A: I took time off between by third and fourth year of medical school to write a different novel. That was almost fifteen years ago. Because I had been raised to revere the arts while at the time being cautioned strongly that they should never be depended on to make a living, I was wary of having a gaping hole in my resume that I wouldn’t be able to explain. I enrolled in a Master’s program in Medical Anthropology at Oxford, so that, on paper at least, it would look like I was still a responsible academic. I loved the program. I loved living in Oxford and sitting in the pubs where Tolkien and Lewis had met with the Inklings. I met my husband who, sadly, is American and does not sound like he’s from Downton Abbey. All in all, it was a good decision. But, paradoxically, I’d have fewer student loans today if I’d just taken the year “off” to write. 
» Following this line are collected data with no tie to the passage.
(* Let $\mathfrak a\subset K$ be a fractional $A_{\infty_1}$-ideal having an $\mathbb F_q$-basis $(\alpha_0=1,\alpha_1,\alpha_2,\dots)$ with $1<|\alpha_1|<|\alpha_2|<\cdots$. For $i\ge1$ and $m\in\mathbb N$ set \[\Omega_i^{\mathfrak a}(m)=\sum_{(c_0,\dots,c_{i-1})\in\mathbb F_q^i}\big(c_0+c_1\alpha_1+\dots+c_{i-1}\alpha_{i-1}+\alpha_i\big)^{-m}.\] Then for every $n\in\mathbb N$, $n\ge1$: (1) $\displaystyle\Omega_1^{\mathfrak a}(q^n-1)=\frac{\alpha_1^{q^n}-\alpha_1}{\prod_{c\in\mathbb F_q}(c+\alpha_1^{q^n})}$ and $|\Omega_1^{\mathfrak a}(q^n-1)|=|\alpha_1|^{q^n(1-q)}$; (2) for all $i\ge1$, $|\Omega_i^{\mathfrak a}(q^n-1)|\le|\alpha_i|^{q^n(1-q)}$.
   Context: Let $q$ be a prime power, $k=\mathbb F_q(T)$, $A=\mathbb F_q[T]$, $k_\infty=\mathbb F_q((1/T))$ with $|x|=q^{\deg_T x}$. Let $f\in k_\infty\setminus k$ be a root of $X^2-aX-b$ with $a\in A$ monic, $d=\deg_T a\ge1$, $b\in\mathbb F_q^*$, $|f|=q^d$. Let $K=k(f)\subset k_\infty$ (absolute values of elements of $K$ are computed in $k_\infty$), and $A_{\infty_1}=\mathbb F_q[f,fT,\dots,fT^{d-1}]$ the ring of elements of $K$ regular away from the place induced by $K\subset k_\infty$. *)

theory Defs
  imports "HOL-Computational_Algebra.Formal_Laurent_Series" "HOL-Library.FuncSet" "HOL-Library.Cardinality"
begin

text \<open>k_infinity = F_q((1/T)) is modelled as the type of formal Laurent series
  'a fls in the variable X = 1/T over a finite field 'a = F_q; hence T = fls_X_inv.\<close>

definition Tvar :: "'a::field fls" where
  "Tvar = fls_X_inv"

text \<open>|x| = q^(deg_T x) = q^(- v_{1/T}(x)), and |0| = 0.\<close>
definition absinf :: "'a::{finite,field} fls \<Rightarrow> real" where
  "absinf x = (if x = 0 then 0 else real CARD('a) powi (- fls_subdegree x))"

definition Tpoly :: "'a::field poly \<Rightarrow> 'a fls" where
  "Tpoly p = (\<Sum>i\<le>degree p. fls_const (coeff p i) * Tvar ^ i)"

definition Aring :: "'a::field fls set" where
  "Aring = range Tpoly"

definition kfield :: "'a::field fls set" where
  "kfield = {u / v | u v. u \<in> Aring \<and> v \<in> Aring \<and> v \<noteq> 0}"

definition Kfield :: "'a::field fls \<Rightarrow> 'a fls set" where
  "Kfield f = {u + v * f | u v. u \<in> kfield \<and> v \<in> kfield}"

inductive_set Ainf1 :: "'a::field fls \<Rightarrow> nat \<Rightarrow> 'a fls set" for f d where
  const: "fls_const c \<in> Ainf1 f d"
| gen: "j < d \<Longrightarrow> f * Tvar ^ j \<in> Ainf1 f d"
| add: "x \<in> Ainf1 f d \<Longrightarrow> y \<in> Ainf1 f d \<Longrightarrow> x + y \<in> Ainf1 f d"
| mult: "x \<in> Ainf1 f d \<Longrightarrow> y \<in> Ainf1 f d \<Longrightarrow> x * y \<in> Ainf1 f d"

definition frac_ideal :: "'a::field set \<Rightarrow> 'a set \<Rightarrow> 'a set \<Rightarrow> bool" where
  "frac_ideal R K I \<longleftrightarrow> I \<subseteq> K \<and> 0 \<in> I \<and> (\<exists>x\<in>I. x \<noteq> 0) \<and>
     (\<forall>x\<in>I. \<forall>y\<in>I. x + y \<in> I) \<and> (\<forall>r\<in>R. \<forall>x\<in>I. r * x \<in> I) \<and>
     (\<exists>c\<in>R. c \<noteq> 0 \<and> (\<forall>x\<in>I. c * x \<in> R))"

definition Fq_basis :: "(nat \<Rightarrow> 'a::field fls) \<Rightarrow> 'a fls set \<Rightarrow> bool" where
  "Fq_basis \<alpha> I \<longleftrightarrow> (\<forall>i. \<alpha> i \<in> I) \<and>
     (\<forall>x\<in>I. \<exists>!c::nat \<Rightarrow> 'a. finite {i. c i \<noteq> 0} \<and>
        x = (\<Sum>i\<in>{i. c i \<noteq> 0}. fls_const (c i) * \<alpha> i))"

definition Omega :: "(nat \<Rightarrow> 'a::{finite,field} fls) \<Rightarrow> nat \<Rightarrow> nat \<Rightarrow> 'a fls" where
  "Omega \<alpha> i m = (\<Sum>c\<in>({..<i} \<rightarrow>\<^sub>E (UNIV::'a set)).
      inverse ((\<Sum>j<i. fls_const (c j) * \<alpha> j) + \<alpha> i) ^ m)"

end

theory Submission
  imports Defs
begin

(* Since prod_c (X + c) = X^q - X over F_q, Frobenius gives (c + z)^(q^n) = c + z^(q^n), hence
   (c + z)^(1 - q^n) = 1 + (z - y)/(c + y) with y = z^(q^n); differentiating the same product gives
   sum_c 1/(c + y) = -1/prod_c (c + y).  Summing over c yields the closed form of Omega_1, and for
   |z| > 1 the ultrametric inequality evaluates its absolute value as |y|/|y|^q = |z|^(q^n (1 - q)).
   For i >= 1, summing first over the coefficient of alpha_0 = 1 writes Omega_i as a sum of such
   expressions at points z with |z| = |alpha_i|, and the ultrametric inequality bounds the sum. *)

lemma card_UNIV_ge_2: "CARD('a::{finite,field}) \<ge> 2"
proof -
  have "card {0::'a, 1} \<le> CARD('a)" by (rule card_mono) auto
  thus ?thesis by simp
qed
During residency, my training in pediatrics, I put that first manuscript aside and wrote a collection of non-fiction essays that was eventually titled Between Expectations. My program was kind enough to allow me a few weeks here and there between rotations so that I could realistically capture what that training process felt like with a minimum amount of revisionism. Some of my favorite feedback from readers was from those who found me unlikeable as a narrator. I wanted to tell them that I didn’t like myself much either during those years, but that was kind of the point, how that process can change you. I haven’t actually read that book in its entirety since it came out, I think because I’m so relieved to have put those years behind me, but I’m glad that I wrote it the way I did, when I was completely immersed.

Q: And not only have you completed your first novel, but you are a physician too! How does your work as a physician affect your writing, and do you feel that medicine and storytelling are connected?
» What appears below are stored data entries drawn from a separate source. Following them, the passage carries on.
(* Let $\nu\ge1$, $d:\mathbb{Z}^\nu\to\mathbb{C}$ bounded, $J=J_0+D$ on $\ell^2(\mathbb{Z}^\nu)$. (i) If $a\in\mathbb{R}$ is not an eigenvalue of $J_0+\Re(D)$, then $J$ has no boundary eigenvalue with real part $a$. (ii) Let $b\in\mathbb{R}$. If $\Im(d(k))\neq b$ for all $k\in\mathbb{Z}^\nu$, then $J$ has no boundary eigenvalue with imaginary part $b$.
   Context: $J_0$ is the discrete Laplacian on $\ell^2(\mathbb{Z}^\nu)$: $(J_0u)(k)=\sum_{l\in\mathbb{Z}^\nu:\|l\|_1=1}u(k+l)$, where $\|l\|_1=\sum_{j=1}^\nu|l_j|$. For a bounded $d:\mathbb{Z}^\nu\to\mathbb{C}$, $D$ is multiplication by $d$, and $\Re(D)$, $\Im(D)$ are multiplication by $\Re(d(k))$, $\Im(d(k))$. The numerical range is $\operatorname{Num}(J)=\{\langle Ju,u\rangle:\|u\|=1\}$, and a boundary eigenvalue of $J$ is an eigenvalue of $J$ lying in the topological boundary of $\operatorname{Num}(J)$. *)

theory Defs
  imports "HOL-Analysis.Analysis"
begin

text \<open>Lattice sites of Z^nu are modelled as int ^ 'n for a finite index type 'n
  (so nu = CARD('n) \<ge> 1). Elements of l^2 are square-summable functions.\<close>

definition l2 :: "('k \<Rightarrow> complex) set" where
  "l2 = {u. (\<lambda>k. (norm (u k))\<^sup>2) summable_on UNIV}"

definition l2_inner :: "('k \<Rightarrow> complex) \<Rightarrow> ('k \<Rightarrow> complex) \<Rightarrow> complex" where
  "l2_inner u v = infsum (\<lambda>k. u k * cnj (v k)) UNIV"

definition l2_norm :: "('k \<Rightarrow> complex) \<Rightarrow> real" where
  "l2_norm u = sqrt (infsum (\<lambda>k. (norm (u k))\<^sup>2) UNIV)"

definition lap :: "(int ^ 'n \<Rightarrow> complex) \<Rightarrow> int ^ 'n \<Rightarrow> complex" where
  "lap u k = (\<Sum>l\<in>{l :: int ^ 'n. (\<Sum>i\<in>UNIV. \<bar>l $ i\<bar>) = 1}. u (k + l))"

definition jacobi :: "(int ^ 'n \<Rightarrow> complex) \<Rightarrow> (int ^ 'n \<Rightarrow> complex) \<Rightarrow> int ^ 'n \<Rightarrow> complex" where
  "jacobi d u = (\<lambda>k. lap u k + d k * u k)"

definition is_eigenvalue :: "(('k \<Rightarrow> complex) \<Rightarrow> ('k \<Rightarrow> complex)) \<Rightarrow> complex \<Rightarrow> bool" where
  "is_eigenvalue A z \<longleftrightarrow> (\<exists>u\<in>l2. u \<noteq> (\<lambda>_. 0) \<and> A u = (\<lambda>k. z * u k))"

definition numerical_range :: "(('k \<Rightarrow> complex) \<Rightarrow> ('k \<Rightarrow> complex)) \<Rightarrow> complex set" where
  "numerical_range A = {l2_inner (A u) u | u. u \<in> l2 \<and> l2_norm u = 1}"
A: Medicine is storytelling. Every time I walk into an exam room in the Emergency Department, my job is to let my patients (or their parents) tell a story. There are villains: Brian pushed me. There are heroes: My ankle popped as I was sliding home. There are the tales that are a hundred pages too long: I’ve been having belly pain for almost a year and I didn’t wash my hands after I cleaned my turtle’s tank and one time my head hurt and sometimes I can’t fall asleep and, hold on a minute, I just need to return this text. My job is to come up with an ending that works, a theme that explains what is happening in the story the patient has told, so we can figure out together how to solve the problem or at least move in that direction. 
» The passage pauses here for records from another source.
lemma best_arm_iff:
  assumes "i < K"
  shows "best_arm K mu = i \<longleftrightarrow> (\<forall>j<K. mu j \<le> mu i) \<and> (\<forall>j<i. mu j < mu i)"
proof
  let ?is_max = "\<lambda>i. i < K \<and> (\<forall>j<K. mu j \<le> mu i)"
  assume best: "best_arm K mu = i"
  have "Max (mu ` {..<K}) \<in> mu ` {..<K}"
    using assms by (intro Max_in) auto
  then obtain m where "m < K" "mu m = Max (mu ` {..<K})"
    by auto
  then have "?is_max m" by simp
  then have max_i: "?is_max i"
    using LeastI[of ?is_max m] best unfolding best_arm_def by auto
  moreover have "mu j < mu i" if "j < i" for j
  proof -
    have "\<not> ?is_max j"
      using not_less_Least[of j ?is_max] best that unfolding best_arm_def by auto
    then show ?thesis using max_i that by force
  qed
  ultimately show "(\<forall>j<K. mu j \<le> mu i) \<and> (\<forall>j<i. mu j < mu i)"
    by blast
next
  assume max: "(\<forall>j<K. mu j \<le> mu i) \<and> (\<forall>j<i. mu j < mu i)"
  show "best_arm K mu = i"
    unfolding best_arm_def
  proof (rule Least_equality)
    show "i < K \<and> (\<forall>j<K. mu j \<le> mu i)" using max assms by auto
  next
    fix y assume "y < K \<and> (\<forall>j<K. mu j \<le> mu y)"
    then show "i \<le> y" using max assms by (meson leD not_le_imp_less)
  qed
qed

lemma best_arm_update_increase:
  assumes i: "i < K" and best: "best_arm K (mu(i := x)) = i" and "x \<le> x'"
  shows "best_arm K (mu(i := x')) = i"
proof -
  have "\<forall>j<K. j \<noteq> i \<longrightarrow> mu j \<le> x" "\<forall>j<i. mu j < x"
    using best unfolding best_arm_iff[OF i] by (metis fun_upd_apply less_irrefl)+
  then show ?thesis
    unfolding best_arm_iff[OF i] using \<open>x \<le> x'\<close> by auto
qed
Medicine has also afforded me the chance to meet and talk to more people than I ever would have sitting with my laptop all alone. I’ve experienced other people’s joy as well as their unimaginable suffering. Practicing pediatrics, in particular, has forced me to carefully think about the words I choose when communicating. I approach things differently if mom or dad has a medical background, or the family has seven other kids at home, or has just had their first baby, or any of a million variations on those themes. I know I am a better writer because of my experience in medicine and I hope I am a better doctor because I take the time to write.

Q: What’s next for you? 

A: Once flu season is over, I’m hoping to slowly regain my sanity and find a better balance between writing and medicine and family. It’s a bit of a juggling act and any success I’ve had at it up until now is entirely because I’m lucky to have the family I do, specifically my mom and husband. I have a couple of different manuscripts that I’m working on, stories I want to do justice to even if they never see the light of day. One deals with some of the problems inherent in medical tourism, another focuses on isolationism and the controversy around the border wall. I also like the idea of writing a real life Grey’s Anatomy where no one ever does anything in their call rooms but try to sleep, but I’m not sure I could convince anyone to read it.